text \<open>Law of one channel use (bits of codeword 1 at position i, output Y_i):
  bits uniform on {+1,-1}^m, output with density p(. | mu(bits)).\<close>
definition sym_measure :: "nat \<Rightarrow> ((nat \<Rightarrow> real) \<Rightarrow> 's) \<Rightarrow> ('s \<Rightarrow> 'a::euclidean_space \<Rightarrow> real)
                  \<Rightarrow> ((nat \<Rightarrow> real) \<times> 'a) measure" where
  "sym_measure m \<mu> p = density (count_space (bitvecs m) \<Otimes>\<^sub>M lborel)
      (\<lambda>(b, y). ennreal ((1/2) ^ m * p (\<mu> b) y))"

text \<open>Joint law of (X_{i,.}(1), Y_i), i < N: i.i.d. over i.\<close>
definition trans_measure :: "nat \<Rightarrow> ((nat \<Rightarrow> real) \<Rightarrow> 's) \<Rightarrow> ('s \<Rightarrow> 'a::euclidean_space \<Rightarrow> real)
                  \<Rightarrow> nat \<Rightarrow> (nat \<Rightarrow> (nat \<Rightarrow> real) \<times> 'a) measure" where
  "trans_measure m \<mu> p N = (\<Pi>\<^sub>M i\<in>{..<N}. sym_measure m \<mu> p)"

definition rankT :: "nat \<Rightarrow> 's set \<Rightarrow> ((nat \<Rightarrow> real) \<Rightarrow> 's) \<Rightarrow> ('s \<Rightarrow> 'a \<Rightarrow> real) \<Rightarrow> nat
                  \<Rightarrow> (nat \<Rightarrow> (nat \<Rightarrow> real) \<times> 'a) \<Rightarrow> nat \<Rightarrow> nat \<Rightarrow> nat" where
  "rankT m S \<mu> p N \<omega> i j =
     1 + card {(i', j') \<in> {..<N} \<times> {..<m}.
        \<bar>llr m S \<mu> p j' (snd (\<omega> i'))\<bar> < \<bar>llr m S \<mu> p j (snd (\<omega> i))\<bar> \<or>
        (\<bar>llr m S \<mu> p j' (snd (\<omega> i'))\<bar> = \<bar>llr m S \<mu> p j (snd (\<omega> i))\<bar> \<and> i' * m + j' < i * m + j)}"

definition orbgrand_D1 :: "nat \<Rightarrow> 's set \<Rightarrow> ((nat \<Rightarrow> real) \<Rightarrow> 's) \<Rightarrow> ('s \<Rightarrow> 'a \<Rightarrow> real) \<Rightarrow> nat
                  \<Rightarrow> (nat \<Rightarrow> (nat \<Rightarrow> real) \<times> 'a) \<Rightarrow> real" where
  "orbgrand_D1 m S \<mu> p N \<omega> =
     (1 / real (m * N)) * (\<Sum>i<N. \<Sum>j<m.
        (real (rankT m S \<mu> p N \<omega> i j) / real (m * N)) *
        (if sgnp (llr m S \<mu> p j (snd (\<omega> i))) * fst (\<omega> i) j < 0 then 1 else 0))"

end

theory Submission
  imports Defs
begin

text \<open>Since rank(i,j) = 1 + #{(i',j') ranked below (i,j)}, D(1) splits into N^2 terms Z(i,i'), each
  bounded by (1+m)/(m N^2) and depending only on the channel uses i and i'. The channel uses are
  i.i.d., so Z(i,i') and Z(k,k') are independent unless {i,i'} and {k,k'} meet, which happens for
  at most 4N^3 of the N^4 pairs of terms. Bounding each remaining covariance by 2 max|Z|^2 gives
  var D(1) <= 8 (1+m)^2 / (m^2 N).\<close>

lemma (in prob_space) abs_expectation_le_const:
  fixes f :: "'a \<Rightarrow> real"
  assumes "integrable M f" and "\<And>x. x \<in> space M \<Longrightarrow> \<bar>f x\<bar> \<le> B"
  shows "\<bar>expectation f\<bar> \<le> B"
proof -
  have "\<bar>expectation f\<bar> \<le> expectation (\<lambda>x. \<bar>f x\<bar>)"
    by (rule integral_abs_bound)
  also have "\<dots> \<le> B"
    using assms by (intro integral_le_const AE_I2) auto
  finally show ?thesis .
qed
lemma AE_history_in_trajectories: "AE \<omega> in M. history n \<omega> \<in> trajectories K x0 n"
proof (induction n)
  case 0
  show ?case
    using AE_X_0 by eventually_elim (auto simp: history_def fun_eq_iff)
next
  case (Suc n)
  have "AE \<omega> in M. \<forall>h\<in>trajectories K x0 n. \<omega> \<in> cylinder n h \<longleftrightarrow>
      (\<exists>z\<in>set_pmf (K (h n)). \<omega> \<in> cylinder (Suc n) (h(Suc n := z)))"
    by (subst AE_ball_countable[OF countable_trajectories]) (blast intro: AE_cylinder_Suc_cover)
  with Suc AE_space show ?case
  proof eventually_elim
    case (elim \<omega>)
    define h where "h = history n \<omega>"
    have h: "h \<in> trajectories K x0 n"
      using elim by (simp add: h_def)
    then have "\<omega> \<in> cylinder n h"
      using history_eq_iff_cylinder elim(2) h_def by blast
    with elim(3) h obtain z where z: "z \<in> set_pmf (K (h n))" "\<omega> \<in> cylinder (Suc n) (h(Suc n := z))"
      by blast
    then have "history (Suc n) \<omega> = h(Suc n := z)"
      by (auto simp: h_def history_def cylinder_def fun_eq_iff dest: spec[of _ "Suc n"])
    with trajectories_Suc_intro[OF h z(1)] show ?case by metis
  qed
qed

lemma measure_cylinder_pos: "h \<in> trajectories K x0 n \<Longrightarrow> 0 < measure M (cylinder n h)"
proof (induction n arbitrary: h)
  case 0
  then have "cylinder 0 h = {\<omega> \<in> space M. X 0 \<omega> = x0}"
    by (auto simp: cylinder_def)
  moreover have "prob {\<omega> \<in> space M. X 0 \<omega> = x0} = 1"
    using AE_X_0 by (subst prob_Collect_eq_1) simp_all
  ultimately show ?case by simp
next
  case (Suc n)
  obtain h' z where h': "h' \<in> trajectories K x0 n" "z \<in> set_pmf (K (h' n))" "h = h'(Suc n := z)"
    using Suc.prems by (rule trajectories_SucE)
  then show ?case
    using Suc.IH[OF h'(1)] by (simp only: measure_cylinder_Suc) (simp add: pmf_positive)
qed

lemma AE_X_reachable: "AE \<omega> in M. \<forall>n. X n \<omega> \<in> reachable K x0 n"
proof -
  have "AE \<omega> in M. \<forall>n. history n \<omega> \<in> trajectories K x0 n"
    by (simp add: AE_all_countable AE_history_in_trajectories)
  then show ?thesis
  proof eventually_elim
    case (elim \<omega>)
    show ?case
    proof
      fix n
      have "history n \<omega> n \<in> reachable K x0 n"
        using elim by (simp add: reachable_eq_trajectories)
      then show "X n \<omega> \<in> reachable K x0 n"
        by (simp add: history_def)
    qed
  qed
qed

lemma prob_reachable_pos:
  assumes "x \<in> reachable K x0 n"
  shows "0 < prob {\<omega> \<in> space M. X n \<omega> = x}"
proof -
  obtain h where h: "h \<in> trajectories K x0 n" "h n = x"
    using assms by (auto simp: reachable_eq_trajectories)
  have "measure M (cylinder n h) \<le> prob {\<omega> \<in> space M. X n \<omega> = x}"
    using h(2) by (intro finite_measure_mono) (auto simp: cylinder_def)
  with measure_cylinder_pos[OF h(1)] show ?thesis by simp
qed
(* Let $p$ be an odd prime, $\mathbb{F}$ a field of characteristic $p$, and $a,s$ natural numbers with $a<p$. Then, as $\mathbb{F}C$-modules, $$H^{(a^{sp})}(R_{as})\big\downarrow_C\cong\bigoplus_{\delta}K_\delta,$$ where $\delta$ runs over all set partitions of $\{1,\ldots,as\}$ into $s$ sets of size $a$.
   Context: $H^{(a^{sp})}$ is the $\mathbb{F}S_{asp}$-permutation module with basis the set partitions of $\{1,\ldots,asp\}$ into $sp$ sets of size $a$. For $j\geq1$ let $z_j=(p(j-1)+1,\ldots,pj)$ and $\mathcal{O}_j=\{p(j-1)+1,\ldots,pj\}$; $\sigma=z_1\cdots z_{as}$, $R_{as}=\langle\sigma\rangle$, and $C=\langle z_1\rangle\times\cdots\times\langle z_{as}\rangle\leq N_{S_{asp}}(R_{as})$. The Brauer quotient $H^{(a^{sp})}(R_{as})$ (fixed points of $R_{as}$ modulo relative traces from proper subgroups) is identified with the $\mathbb{F}$-span of the set partitions fixed by $R_{as}$. Given a set partition $\delta=\{\delta_1,\ldots,\delta_s\}$ of $\{1,\ldots,as\}$ into sets of size $a$, a fixed set partition $\omega$ has type $\delta$ if there are sets $A_1,\ldots,A_s$ with $|A_i\cap\mathcal{O}_j|=1$ if $j\in\delta_i$ and $0$ otherwise, such that $\omega=\{A_i\sigma^k: 1\leq i\leq s, 0\leq k\leq p-1\}$; $K_\delta$ is the subspace of $H^{(a^{sp})}(R_{as})$ spanned by the fixed set partitions of type $\delta$. *)

theory Defs
  imports "HOL-Library.Disjoint_Sets" "HOL-Computational_Algebra.Primes"
begin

• • •

Exercise goal:
Using the data above, return each line that includes the word "imports".

Response below:
  imports Defs
  imports "HOL-Library.Disjoint_Sets" "HOL-Computational_Algebra.Primes"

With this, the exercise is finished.